Libredesk is an single-page app with an API backend. Authorization is enforced on each API endpoint using a perm middleware in handlers.go:

  g.GET("/api/v1/conversations/all", perm(handleGetAllConversations, "conversations:read_all"))
  g.GET("/api/v1/conversations/unassigned", perm(handleGetUnassignedConversations, "conversations:read_unassigned"))
  g.GET("/api/v1/conversations/assigned", perm(handleGetAssignedConversations, "conversations:read_assigned"))
  g.GET("/api/v1/teams/{id}/conversations/unassigned", perm(handleGetTeamUnassignedConversations, "conversations:read_team_inbox"))
  g.GET("/api/v1/views/{id}/conversations", perm(handleGetViewConversations, "conversations:read"))
...

The perms function retrieves the user's session and calls Enforce which wraps Casbin, an open-source authorization library.

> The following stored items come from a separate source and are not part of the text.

lemma Q_lower_bound_fixed_r:
  fixes \<eta> :: real
  assumes r: "2 \<le> r" and \<eta>: "0 < \<eta>"
  shows "\<exists>c>0. \<forall>n k. 1 \<le> k \<and> real k < (1 - \<eta>) * real n \<and> real n * (1 + \<eta>) < real r * real k
                    \<longrightarrow> c / sqrt n * bound n k r \<le> Q n k r"
proof -
  obtain c0 k0 where c0: "0 < c0"
    and large: "\<And>(n :: nat) (k :: nat). k0 \<le> k \<Longrightarrow> 1 \<le> k \<Longrightarrow> real k < (1 - \<eta>) * real n
       \<Longrightarrow> real n * (1 + \<eta>) < real r * real k \<Longrightarrow> c0 / sqrt n * bound n k r \<le> Q n k r"
    by (rule Q_lower_bound_large_k[OF r \<eta>]) blast
  define c where "c = min c0 ((1 / (fact r * F r 1)) ^ k0)"
  have r1: "1 \<le> r"
    using r by simp
  have "0 < c"
    using c0 F_pos[OF r1, of 1] by (simp add: c_def)
  moreover have "c / sqrt n * bound n k r \<le> Q n k r"
    if k: "1 \<le> k" "real k < (1 - \<eta>) * real n" "real n * (1 + \<eta>) < real r * real k" for n k :: nat
  proof (cases "k0 \<le> k")
    case True
    have "c / sqrt n * bound n k r \<le> c0 / sqrt n * bound n k r"
      using bound_nonneg[OF r1] by (intro mult_right_mono divide_right_mono) (auto simp: c_def)
    also have "\<dots> \<le> Q n k r"
      using True k by (rule large)
    finally show ?thesis .
  next
    case False
    note kn = range_of_k[OF \<eta> k(2,3)]
    have "c / sqrt n \<le> c / 1"
      using \<open>0 < c\<close> kn k(1) by (intro divide_left_mono) auto
    also have "\<dots> \<le> (1 / (fact r * F r 1)) ^ k0"
      by (simp add: c_def)
    finally have "c / sqrt n * bound n k r \<le> (1 / (fact r * F r 1)) ^ k0 * bound n k r"
      using bound_nonneg[OF r1] by (rule mult_right_mono)
    also have "\<dots> \<le> Q n k r"
      using r1 kn False by (intro Q_ge_bounded_k) auto
    finally show ?thesis .
  qed
  ultimately show ?thesis
    by blast
qed

lemma Q_lower_bound_uniform:
  fixes \<eta> :: real
  assumes \<eta>: "0 < \<eta>"
  shows "\<exists>c. (\<forall>r\<ge>1. 0 < c r) \<and> (\<forall>n k r. 1 \<le> k \<and> 2 \<le> r \<and> real k < (1 - \<eta>) * real n
            \<and> real n * (1 + \<eta>) < real r * real k \<longrightarrow> c r / sqrt n * bound n k r \<le> Q n k r)"
proof -
  have "\<forall>r. \<exists>c. 2 \<le> r \<longrightarrow> 0 < c \<and> (\<forall>n k. 1 \<le> k \<and> real k < (1 - \<eta>) * real n
                 \<and> real n * (1 + \<eta>) < real r * real k \<longrightarrow> c / sqrt n * bound n k r \<le> Q n k r)"
    using Q_lower_bound_fixed_r[OF _ \<eta>] by auto
  from choice[OF this] obtain c where c: "\<forall>r. 2 \<le> r \<longrightarrow> 0 < c r \<and> (\<forall>n k. 1 \<le> k \<and> real k < (1 - \<eta>) * real n
                 \<and> real n * (1 + \<eta>) < real r * real k \<longrightarrow> c r / sqrt n * bound n k r \<le> Q n k r)"
    by blast
  show ?thesis
    by (rule exI[of _ "\<lambda>r. if 2 \<le> r then c r else 1"]) (use c in auto)
qed

theorem proposition4p1:
  shows "(\<forall>n k r. n \<ge> 1 \<and> k \<ge> 1 \<and> r \<ge> 1 \<longrightarrow> Q n k r \<le> bound n k r)
    \<and> (\<forall>\<eta>::real. \<eta> > 0 \<longrightarrow>
         (\<exists>n0::nat. \<exists>c::nat \<Rightarrow> real. (\<forall>r\<ge>1. c r > 0) \<and>
            (\<forall>n k r. n \<ge> n0 \<and> k \<ge> 1 \<and> r \<ge> 2 \<and>
                 real k < (1 - \<eta>) * real n \<and> real r * real k > real n * (1 + \<eta>)
               \<longrightarrow> Q n k r \<ge> c r / sqrt (real n) * bound n k r)))"
proof (intro conjI allI impI, goal_cases)
  case (1 n k r)
  then show ?case
    by (intro Q_le_bound) auto
next
  case (2 \<eta>)
  then show ?case
    using Q_lower_bound_uniform by (intro exI[of _ 0]) auto
qed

While Casbin is capable of ReBAC, Libredesk primarily uses it for RBAC, with custom ReBAC logic implemented on top of it.

Libredesk's Casbin model:

[request_definition]
r = sub, obj, act

[policy_definition]
p = sub, obj, act

[policy_effect]
e = some(where (p.eft == allow))

[matchers]
m = r.sub == p.sub && r.obj == p.obj && r.act == p.act

This model grants users (sub) permission to perform an action (act) on a resource type (obj) rather than on specific objects, effectively making it an RBAC implementation (and not ReBAC).

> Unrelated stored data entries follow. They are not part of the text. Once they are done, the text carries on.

text \<open>
  Expanding \<open>E\<^sup>n\<close> over all velocity paths \<open>j\<^sub>1 \<dots> j\<^sub>n\<close> writes the \<open>n\<close>-th starting scheme as a
  finite combination \<open>\<Sum> b\<^sub>j\<^sub>s u\<degree>(x - \<Delta>x S\<^sub>j\<^sub>s)\<close> of translates of the initial datum, where
  \<open>S\<^sub>j\<^sub>s\<close> is the sum of the velocities along the path. The zeroth moment \<open>\<Sum> b\<^sub>j\<^sub>s\<close> is the
  conserved component of \<open>K\<^sup>n w\<close>, hence 1. For the first moment \<open>\<Sum> b\<^sub>j\<^sub>s S\<^sub>j\<^sub>s\<close>, every step
  contributes the flux \<open>\<Sum>\<^sub>r (K\<^sup>k w)\<^sub>r G\<^sub>1\<^sub>r\<close>; the components with \<open>w\<^sub>r = \<epsilon>\<^sub>r\<close> are fixed by the
  relaxation and the others have \<open>G\<^sub>1\<^sub>r = 0\<close>, so the first moment is \<open>n\<close> times the equilibrium
  flux \<open>G\<^sub>1\<^sub>1 + \<Sum>\<^sub>r G\<^sub>1\<^sub>r \<epsilon>\<^sub>r\<close>. Second-order Taylor expansions of \<open>u\<degree>\<close> in space and of \<open>\<phi>\<close>
  in time then give the modified equation.
\<close>

lemma smooth_fun_differentiable: "smooth_fun f \<Longrightarrow> dderiv f vs differentiable at z"
  unfolding smooth_fun_def by blast

lemma smooth_fun_has_field_derivative_along_line:
  assumes "smooth_fun f"
  shows "((\<lambda>h. dderiv f (replicate m v) (p + h *\<^sub>R v)) has_field_derivative
           dderiv f (replicate (Suc m) v) (p + t *\<^sub>R v)) (at t)"
proof -
  let ?g = "dderiv f (replicate m v)" and ?z = "p + t *\<^sub>R v"
  have g: "(?g has_derivative frechet_derivative ?g (at ?z)) (at ?z)"
    using smooth_fun_differentiable[OF assms] frechet_derivative_works by blast
  have line: "((\<lambda>h. p + h *\<^sub>R v) has_derivative (\<lambda>h. h *\<^sub>R v)) (at t)"
    by (auto intro!: derivative_eq_intros)
  have "linear (frechet_derivative ?g (at ?z))"
    using smooth_fun_differentiable[OF assms] by (rule linear_frechet_derivative)
  then have "frechet_derivative ?g (at ?z) (h *\<^sub>R v) = dderiv f (replicate (Suc m) v) ?z * h" for h
    by (simp add: linear_scale)
  then show ?thesis
    using has_derivative_compose[OF line g] by (simp add: has_field_derivative_def mult_commute_abs)
qed
(* For all positive integers $n,p$, $$\beta^*(n,p,\infty)=\Omega\left(n^{2/3}p^{2/3}+n+p\right).$$
   Context: A path system is a pair $S=(V,\Pi)$ where $V$ is a finite ground set of nodes and $\Pi$ is a multiset of finite sequences of nodes (paths), each containing each node at most once. Its size is $\|S\|=\sum_{\pi\in\Pi}|\pi|$ ($|\pi|$ = number of nodes). Write $x<_\pi y$ if $x,y\in\pi$ and $x$ strictly precedes $y$ in $\pi$. A $b$-bridge consists of $b$ distinct nodes $v_1,\dots,v_b$ and $b$ distinct paths $\pi_1,\dots,\pi_b$ with $v_i<_{\pi_i}v_{i+1}$ for $1\le i\le b-1$ and $v_1<_{\pi_b}v_b$; $\pi_b$ is the river and the others are arcs. An ordered path system is a path system with a total order on its paths; an ordered bridge is a bridge whose river comes after all of its arcs in this order. The ordered bridge girth is the least $b$ such that there is an ordered $b$-bridge ($\infty$ if none). $\beta^*(n,p,k)$ is the maximum possible size of an ordered path system with $n$ nodes, $p$ paths and ordered bridge girth $>k$. *)

theory Defs
  imports Complex_Main "HOL-Library.Extended_Nat"
begin

text \<open>Nodes are natural numbers; an ordered path system is a ground set V together
with a list of paths (the list order is the total order on the paths; repetitions
model the multiset).\<close>

definition prec :: "nat list \<Rightarrow> nat \<Rightarrow> nat \<Rightarrow> bool" where
  "prec \<pi> x y \<longleftrightarrow> (\<exists>i j. i < j \<and> j < length \<pi> \<and> \<pi> ! i = x \<and> \<pi> ! j = y)"

definition path_system :: "nat set \<Rightarrow> nat list list \<Rightarrow> bool" where
  "path_system V Ps \<longleftrightarrow> finite V \<and> (\<forall>\<pi>\<in>set Ps. distinct \<pi> \<and> set \<pi> \<subseteq> V)"
(* Let $\epsilon>0$. Then $$\min_{\substack{P_{U|Y}:\,X-Y-U\\ \|P_{X|U=u}-P_X\|_1\le\epsilon\ \forall u\in\mathcal{U}}} H(Y|U)\;=\;\min_{\substack{P_U,\ \{J_u\},\ P_{Y|U=u}\in\mathbb{S}_u\ \forall u\in\mathcal{U},\\ \sum_u P_U(u)P_{Y|U=u}=P_Y,\\ \{J_u\}\text{ satisfies (P1),(P2),(P3)}}} H(Y|U),$$ where on the right $H(Y|U)=\sum_u P_U(u)H(P_{Y|U=u})$, the minimization being over finite alphabets $\mathcal{U}$, distributions $P_U$ on $\mathcal{U}$, vectors $J_u\in\mathbb{R}^{|\mathcal{X}|}$ and vectors $P_{Y|U=u}\in\mathbb{R}^{|\mathcal{Y}|}$.
   Context: Setting: $X,Y$ are random variables on finite alphabets $\mathcal{X},\mathcal{Y}$ with $|\mathcal{X}|<|\mathcal{Y}|$, joint pmf $P_{XY}$, marginal vectors $P_X\in\mathbb{R}^{|\mathcal{X}|},P_Y\in\mathbb{R}^{|\mathcal{Y}|}$ with all entries positive. $P_{X|Y}\in\mathbb{R}^{|\mathcal{X}|\times|\mathcal{Y}|}$ (entries $P_{X|Y}(x|y)$) has full row rank, and the columns are ordered so that $P_{X|Y}=[P_{X|Y_1},P_{X|Y_2}]$ with $P_{X|Y_1}\in\mathbb{R}^{|\mathcal{X}|\times|\mathcal{X}|}$ invertible. Let $P_{X|Y}=U\Sigma V^T$ be a singular value decomposition with $V=[v_1,\dots,v_{|\mathcal{Y}|}]$ and define $M=[v_1,\dots,v_{|\mathcal{X}|}]^T\in\mathbb{R}^{|\mathcal{X}|\times|\mathcal{Y}|}$. For $J_u\in\mathbb{R}^{|\mathcal{X}|}$, $\mathbb{S}_u=\{y\in\mathbb{R}^{|\mathcal{Y}|}: My=MP_Y+\epsilon M\begin{bmatrix}P_{X|Y_1}^{-1}J_u\\0\end{bmatrix},\ y\ge0\}$, where the zero block has size $|\mathcal{Y}|-|\mathcal{X}|$. Properties of $\{J_u\}_{u\in\mathcal{U}}$: (P1) $\sum_x J_u(x)=0$ for all $u$; (P2) $\sum_u P_U(u)J_u(x)=0$ for all $x$; (P3) $\sum_x|J_u(x)|\le1$ for all $u$. On the left, $U$ takes values in a finite alphabet $\mathcal{U}$ and $P_{XYU}=P_{XY}P_{U|Y}$; $\|\cdot\|_1$ is the $\ell_1$ norm. *)

theory Defs
  imports Complex_Main "Jordan_Normal_Form.Gauss_Jordan_Elimination"
begin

However, EnforceConversationAccess constains a custom ReBAC logic:

	if conversation.AssignedUserID.Int == user.ID {
		if allowed, err := checkPermission("read_assigned"); err != nil || allowed {
			return allowed, err
		}
	}

Similarly, for team access:

// Check `read_team_inbox` permission for team-assigned conversations
	if conversation.AssignedTeamID.Int > 0 && slices.Contains(user.Teams.IDs(), conversation.AssignedTeamID.Int) && conversation.AssignedUserID.Int == 0 {
		if allowed, err := checkPermission("read_team_inbox"); err != nil || allowed {
			return allowed, err
		}
	}

Considerations

Lack of permissions-aware data filtering

When filtering resources like conversations or messages, there is no per-resource permission filtering, beyond checking if a user has conversations:read or messages:read permissions. This results in an all-or-nothing access model.

EnforceMediaAccess

In EnforceMediaAccess, access is granted by default when the model is unknown:

func (e *Enforcer) EnforceMediaAccess(user umodels.User, model string) (bool, error) {
	switch model {
	case "messages":
		allowed, err := e.Enforce(user, model, "read")
		if err != nil {
			return false, envelope.NewError(envelope.GeneralError, "Error checking permissions", nil)
		}
		if !allowed {
			return false, envelope.NewError(envelope.UnauthorizedError, "Permission denied", nil)
		}
	default:
		return true, nil
	}
	return true, nil
}

Conclusion

Libredesk's authorization implementation is good for a small team, where users have broad access. With the perm middleware, every endpoint is protected from anonymous access. However, achieving more granular access control will require additional work, which is expected for an alpha-stage project.